Section 514(b)(8)(B), however, does not save from preemption a State law requiring a group health plan to pay the State for items or services that the plan does not cover. Moreover, a plan could not be required to pay the full amount of the State's payment for a drug if the amount that the plan would have paid under its terms was less. For example, some plans pay one amount with respect to an item or service obtained from certain designated providers or pharmacies and pay a lesser amount for the same item or service obtained from non-designated providers or pharmacies. If the State had paid for an item or service obtained from a non-designated provider or pharmacy, such a plan could be required to reimburse the State only the lesser amount. In some other cases, it may be difficult to determine whether a plan provision affecting payment for an item or service is solely procedural in nature or whether it actually defines the covered benefits. These distinctions could be made only by analyzing the particular plan provision.

This letter constitutes an advisory opinion under ERISA Procedure 76-1, and is issued subject to the provisions of that procedure, including section 10 thereof relating to the effect of advisory opinions.


John J. Canary
Chief, Division of Coverage, Reporting and Disclosure
Office of Regulations and Interpretations


  1. The investigation also concerns allegedly improper rejection of reimbursement claims by Medicare and other government insurance programs, but only the Medicaid claims are relevant for purposes of this letter.

  2. The conference report accompanying OBRA '93 states that:
    [G]roup health plans are required to pay benefits in accordance with any assignments of rights on behalf of participants and beneficiaries that is required by Title XIX of the Social Security Act. . . . In addition, . . .to the extent that payment has been made under Title XIX, states would acquire the right of any other party to payment. State laws enforcing these rights must be honored by group health plans since those laws would be exempt from ERISA's preemption. H. Conf. Rep. 103-213, 103rd Cong. 1st Sess. 1993, at 469; 1993 U.S. Code Cong. & Ad. News 1088, 1158.

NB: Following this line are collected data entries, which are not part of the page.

lemma antipode_not_adjacent:
  assumes "2 \<le> n" "i < 2 * n"
  shows "antipode n i \<noteq> i \<and> antipode n i \<noteq> Suc i mod (2 * n) \<and> i \<noteq> Suc (antipode n i) mod (2 * n)"
  using assms by (cases "i < n") (auto simp: antipode_eq_add antipode_eq_diff mod_Suc)

lemma parallel_antipodal_edges:
  assumes "\<forall>i<n. parallel (P (Suc i) - P i) (P ((i + n + 1) mod (2*n)) - P (i + n))"
    and "i < 2 * n"
  shows "parallel (edge (2 * n) P i) (edge (2 * n) P (antipode n i))"
proof (cases "i < n")
  case True
  then show ?thesis using assms(1) by (simp add: edge_def antipode_eq_add)
next
  case False
  define k where "k = i - n"
  have "k < n" "i = k + n" using False assms(2) by (simp_all add: k_def)
  then show ?thesis using assms(1) parallel_commute by (simp add: edge_def antipode_eq_diff)
qed

lemma antipodal_edges_antiparallel:
  assumes "oriented_polygon s (2 * n) P" "2 \<le> n"
    and "parallel (edge (2 * n) P i) (edge (2 * n) P (antipode n i))" "i < 2 * n"
  shows "\<exists>L>0. edge (2 * n) P (antipode n i) = - L *\<^sub>R edge (2 * n) P i"
proof -
  have "edge (2 * n) P i \<noteq> 0"
    using oriented_polygon_edge_nonzero[OF assms(1) _ assms(4)] assms(2) by simp
  then obtain \<mu> where \<mu>: "edge (2 * n) P (antipode n i) = \<mu> *\<^sub>R edge (2 * n) P i"
    using cross2_eq_0_imp_scaleR assms(3)[unfolded parallel_iff_cross2_eq_0] by blast
  have "\<mu> < 0"
    using oriented_polygon_parallel_edges_opposite[OF assms(1,4) antipode_less _ _ _ \<mu>]
      antipode_not_adjacent[OF assms(2,4)] assms(2) by simp
  with \<mu> show ?thesis by (intro exI[of _ "- \<mu>"]) simp
qed

definition difference_polygon :: "nat \<Rightarrow> real^2 \<Rightarrow> real \<Rightarrow> (nat \<Rightarrow> real^2) \<Rightarrow> nat \<Rightarrow> real^2" where
  "difference_polygon n Z c P i = Z + c *\<^sub>R (P i - P (antipode n i))"

lemma edge_difference_polygon:
  "edge (2 * n) (difference_polygon n Z c P) i = c *\<^sub>R (edge (2 * n) P i - edge (2 * n) P (antipode n i))"
  unfolding edge_def difference_polygon_def antipode_Suc_mod by (simp add: algebra_simps)

lemma difference_polygon_antipode:
  "i < 2 * n \<Longrightarrow> difference_polygon n Z c P (antipode n i) = 2 *\<^sub>R Z - difference_polygon n Z c P i"
  by (simp add: difference_polygon_def antipode_antipode algebra_simps scaleR_2)

lemma symmetric_wrt_difference_polygon:
  assumes "0 < n"
  shows "symmetric_wrt (2 * n) (difference_polygon n Z c P) Z"
proof -
  let ?U = "difference_polygon n Z c P" and ?\<rho> = "\<lambda>x. 2 *\<^sub>R Z - x"
  have closed: "?\<rho> x \<in> ?U ` {..<2 * n}" if "x \<in> ?U ` {..<2 * n}" for x
  proof -
    obtain k where "k < 2 * n" "x = ?U k" using \<open>x \<in> ?U ` {..<2 * n}\<close> by blast
    then have "?\<rho> x = ?U (antipode n k)" by (simp add: difference_polygon_antipode)
    then show ?thesis using antipode_less[OF assms] by blast
  qed
  have "x = ?\<rho> (?\<rho> x)" for x :: "real^2" by simp
  then show ?thesis unfolding symmetric_wrt_def using closed by blast
qed

lemma oriented_difference_polygon:
  assumes P: "oriented_polygon s (2 * n) P" and "c > 0"
    and antiparallel: "\<And>i. i < 2 * n \<Longrightarrow> \<exists>L>0. edge (2 * n) P (antipode n i) = - L *\<^sub>R edge (2 * n) P i"
  shows "oriented_polygon s (2 * n) (difference_polygon n Z c P)"
  unfolding oriented_polygon_def
proof (intro allI impI)
  fix i j assume ij: "i < 2 * n" "j < 2 * n" "j \<noteq> i \<and> j \<noteq> Suc i mod (2 * n)"
  let ?U = "difference_polygon n Z c P" and ?N = "antipode n" and ?e = "edge (2 * n) P"
  obtain L where "L > 0" and eN: "?e (?N i) = - L *\<^sub>R ?e i" using antiparallel ij(1) by blast
  have "n > 0" using ij by simp
  have "?N j \<noteq> ?N i"
    using ij antipode_antipode by metis
  moreover have "?N j \<noteq> Suc (?N i) mod (2 * n)"
  proof
    assume "?N j = Suc (?N i) mod (2 * n)"
    then have "?N (?N j) = ?N (?N (Suc i mod (2 * n)))" by (simp only: antipode_Suc_mod)
    then show False using ij \<open>n > 0\<close> by (simp add: antipode_antipode)
  qed
  ultimately have "s * cross2 (?e (?N i)) (P (?N j) - P (?N i)) > 0"
    using oriented_polygonD[OF P antipode_less antipode_less] \<open>n > 0\<close> by blast
  also have "cross2 (?e (?N i)) (P (?N j) - P (?N i)) = L * cross2 (?e i) (P (?N i) - P (?N j))"
    unfolding eN by (simp add: cross2_simps algebra_simps)
  finally have "L * (s * cross2 (?e i) (P (?N i) - P (?N j))) > 0" by (simp add: algebra_simps)
  then have opposite: "s * cross2 (?e i) (P (?N i) - P (?N j)) > 0"
    using \<open>L > 0\<close> zero_less_mult_pos by blast
  have own: "s * cross2 (?e i) (P j - P i) > 0" using oriented_polygonD[OF P ij(1,2)] ij(3) by blast
  have "s * cross2 (edge (2 * n) ?U i) (?U j - ?U i)
      = c * (1 + L) * c * (s * cross2 (?e i) (P j - P i) + s * cross2 (?e i) (P (?N i) - P (?N j)))"
    unfolding edge_difference_polygon eN by (simp add: difference_polygon_def cross2_simps algebra_simps)
  also have "\<dots> > 0" using own opposite \<open>c > 0\<close> \<open>L > 0\<close> by simp
  finally show "s * cross2 (edge (2 * n) ?U i) (?U j - ?U i) > 0" .
qed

  3. See Health Ins. Assoc. v. Shalala, 23 F.3d 412, 419, (D.C. Cir. 1994); cert. denied, 513 U.S. 1147 (1995); U.S. v. Travelers Ins. Co., 815 F. Supp. 521, 523 (D. Conn. 1992); Provident Life & Accident Ins. Co. v. U.S., 740 F. Supp. 492, 501-503 (E.D. Tenn. 1990); and U.S. v. Blue Cross & Blue Shield, 726 F. Supp. 1517, 1522 (E.D. Mich. 1989) making a similar distinction between actions based on subrogation and independent reimbursement actions by the Federal government under the Medicare Secondary Payer Act, 42 U.S.C. § 1395y. The court in Shalala invalidated a Medicare regulation authorizing the government to recover payments from an employer group health plan without regard to any claims filing requirements the plan imposed on other claimants, but the court based that part of its decision on language in the Act that differs substantially from the provisions of ERISA discussed here.

  4. To the extent that the holding in Belshe v. Laborers Health and Welfare Trust Fund for Northern California, 876 F. Supp. 216 (N.D. Cal. 1994), is not consistent with this position, we disagree with that case. Two other cases have cited Belshe for the proposition that § 514(b)(8) as a whole gives the States no greater rights than the participant in an action against the plan. Commonwealth v. Lubrizol Corp. Employee Benefits Plan, 737 A.2d 862, 868-869 (Pa. Commw. Ct. 1999); Morrone v. Thuring, 334 N.J. Super.456, 472, 759 A.2d 1238, 1247 (N.J. Super. 2000).